## EXERCISE
Please repeat the records exactly from their first line, finishing at the line containing "poly \<Rightarrow> 'a" and including it.

◆ ◆ ◆

definition Ghat :: "nat \<Rightarrow> (nat \<Rightarrow> 'a::field) \<Rightarrow> nat \<Rightarrow> 'a poly" where
  "Ghat e \<alpha> i = umod e div Gi \<alpha> i"

definition hcoef :: "nat \<Rightarrow> (nat \<Rightarrow> 'a::field) \<Rightarrow> nat \<Rightarrow> 'a poly" where
  "hcoef e \<alpha> i = (SOME h. \<exists>z. z * Gi \<alpha> i + h * Ghat e \<alpha> i = 1)"

definition mu :: "nat \<Rightarrow> (nat \<Rightarrow> 'a::field) \<Rightarrow> nat \<Rightarrow> 'a poly" where
  "mu e \<alpha> i = (hcoef e \<alpha> i * Ghat e \<alpha> i) mod umod e"

(* the unique (s_1,...,s_e) with r = sum_i s_i mu_i (indices shifted to 0..e-1) *)
definition coords :: "nat \<Rightarrow> (nat \<Rightarrow> 'a::field) \<Rightarrow> 'a poly \<Rightarrow> 'a list" where
  "coords e \<alpha> r = (THE s. length s = e \<and>
       r = (\<Sum>i<e. smult (s ! i) (mu e \<alpha> i)) mod umod e)"

(* Words of length N over F_q: functions nat => 'a vanishing from index N on *)
definition Fwords :: "nat \<Rightarrow> (nat \<Rightarrow> 'a::zero) set" where
  "Fwords N = {x. \<forall>i\<ge>N. x i = 0}"

definition Rwords :: "nat \<Rightarrow> nat \<Rightarrow> (nat \<Rightarrow> 'a::field poly) set" where
  "Rwords e n = {c. (\<forall>j. in_R e (c j)) \<and> (\<forall>j\<ge>n. c j = 0)}"

(* Gray map: (r_0,...,r_{n-1}) |-> (r_0 M, ..., r_{n-1} M); block j occupies the
   positions j*e, ..., j*e + e - 1; M is given by its entries M i l, i,l < e. *)
definition gray :: "nat \<Rightarrow> (nat \<Rightarrow> 'a::field) \<Rightarrow> (nat \<Rightarrow> nat \<Rightarrow> 'a) \<Rightarrow> nat
                     \<Rightarrow> (nat \<Rightarrow> 'a poly) \<Rightarrow> (nat \<Rightarrow> 'a)" where
  "gray e \<alpha> M n c = (\<lambda>idx. if idx < e * n then
       (\<Sum>i<e. coords e \<alpha> (c (idx div e)) ! i * M i (idx mod e)) else 0)"

definition R_linear_code :: "nat \<Rightarrow> nat \<Rightarrow> (nat \<Rightarrow> 'a::field poly) set \<Rightarrow> bool" where
  "R_linear_code e n C \<longleftrightarrow> C \<subseteq> Rwords e n \<and> C \<noteq> {} \<and>
     (\<forall>c\<in>C. \<forall>d\<in>C. c + d \<in> C) \<and>
     (\<forall>r. in_R e r \<longrightarrow> (\<forall>c\<in>C. (\<lambda>j. (r * c j) mod umod e) \<in> C))"

definition R_dual :: "nat \<Rightarrow> nat \<Rightarrow> (nat \<Rightarrow> 'a::field poly) set \<Rightarrow> (nat \<Rightarrow> 'a poly) set" where
  "R_dual e n C = {d \<in> Rwords e n. \<forall>c\<in>C. (\<Sum>j<n. c j * d j) mod umod e = 0}"

definition fscale :: "'a::field \<Rightarrow> (nat \<Rightarrow> 'a) \<Rightarrow> (nat \<Rightarrow> 'a)" where
  "fscale a x = (\<lambda>i. a * x i)"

◆ ◆ ◆

## RESPONSE
definition Ghat :: "nat \<Rightarrow> (nat \<Rightarrow> 'a::field) \<Rightarrow> nat \<Rightarrow> 'a poly" where
  "Ghat e \<alpha> i = umod e div Gi \<alpha> i"

definition hcoef :: "nat \<Rightarrow> (nat \<Rightarrow> 'a::field) \<Rightarrow> nat \<Rightarrow> 'a poly" where
  "hcoef e \<alpha> i = (SOME h. \<exists>z. z * Gi \<alpha> i + h * Ghat e \<alpha> i = 1)"

definition mu :: "nat \<Rightarrow> (nat \<Rightarrow> 'a::field) \<Rightarrow> nat \<Rightarrow> 'a poly" where
  "mu e \<alpha> i = (hcoef e \<alpha> i * Ghat e \<alpha> i) mod umod e"

(* the unique (s_1,...,s_e) with r = sum_i s_i mu_i (indices shifted to 0..e-1) *)
definition coords :: "nat \<Rightarrow> (nat \<Rightarrow> 'a::field) \<Rightarrow> 'a poly \<Rightarrow> 'a list" where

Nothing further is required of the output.